**PROVIDED DATA**
(* Otherwise B, B' and a walk between them would form a larger 2-connected set. *)
lemma not_reach_across_shared_vertex:
  assumes B: "B \<in> blocks E S" "v \<in> B" "x \<in> B" "x \<noteq> v"
    and B': "B' \<in> blocks E S" "v \<in> B'" "y \<in> B'" "y \<noteq> v"
    and "B \<noteq> B'"
  shows "\<not> reach E (S - {v}) x y"
proof
  assume "reach E (S - {v}) x y"
  then obtain L where L: "successively (induced_adj E (S - {v})) L" "distinct L" "L \<noteq> []"
    "hd L = x" "last L = y"
    by (rule obtain_distinct_walk)
  have "x \<in> S - {v}" using B block_subset[OF B(1)] by blast
  then have LS: "set L \<subseteq> S - {v}" using set_walk_subset[OF L(1)] L(4) by blast
  define H where "H = B \<union> B' \<union> set L"
  have "biconn E H"
    unfolding H_def using B B' L block_biconn[OF B(1)] block_biconn[OF B'(1)] LS
    by (intro biconn_Un_walk[where T = "S - {v}"]) auto
  moreover have "H \<subseteq> S" using LS block_subset[OF B(1)] block_subset[OF B'(1)] by (auto simp: H_def)
  ultimately have "H = B" "H = B'"
    using block_maximal[OF B(1), of H] block_maximal[OF B'(1), of H] by (auto simp: H_def)
  with \<open>B \<noteq> B'\<close> show False by simp
qed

**EXERCISE**
Set down the records again verbatim, so that each word stays as it is.

**ANSWER SPACE**
(* Otherwise B, B' and a walk between them would form a larger 2-connected set. *)
lemma not_reach_across_shared_vertex:
  assumes B: "B \<in> blocks E S" "v \<in> B" "x \<in> B" "x \<noteq> v"
    and B': "B' \<in> blocks E S" "v \<in> B'" "y \<in> B'" "y \<noteq> v"
    and "B \<noteq> B'"
  shows "\<not> reach E (S - {v}) x y"
proof
  assume "reach E (S - {v}) x y"
  then obtain L where L: "successively (induced_adj E (S - {v})) L" "distinct L" "L \<noteq> []"
    "hd L = x" "last L = y"
    by (rule obtain_distinct_walk)
  have "x \<in> S - {v}" using B block_subset[OF B(1)] by blast
  then have LS: "set L \<subseteq> S - {v}" using set_walk_subset[OF L(1)] L(4) by blast
  define H where "H = B \<union> B' \<union> set L"
  have "biconn E H"
    unfolding H_def using B B' L block_biconn[OF B(1)] block_biconn[OF B'(1)] LS
    by (intro biconn_Un_walk[where T = "S - {v}"]) auto
  moreover have "H \<subseteq> S" using LS block_subset[OF B(1)] block_subset[OF B'(1)] by (auto simp: H_def)
  ultimately have "H = B" "H = B'"
    using block_maximal[OF B(1), of H] block_maximal[OF B'(1), of H] by (auto simp: H_def)
  with \<open>B \<noteq> B'\<close> show False by simp
qed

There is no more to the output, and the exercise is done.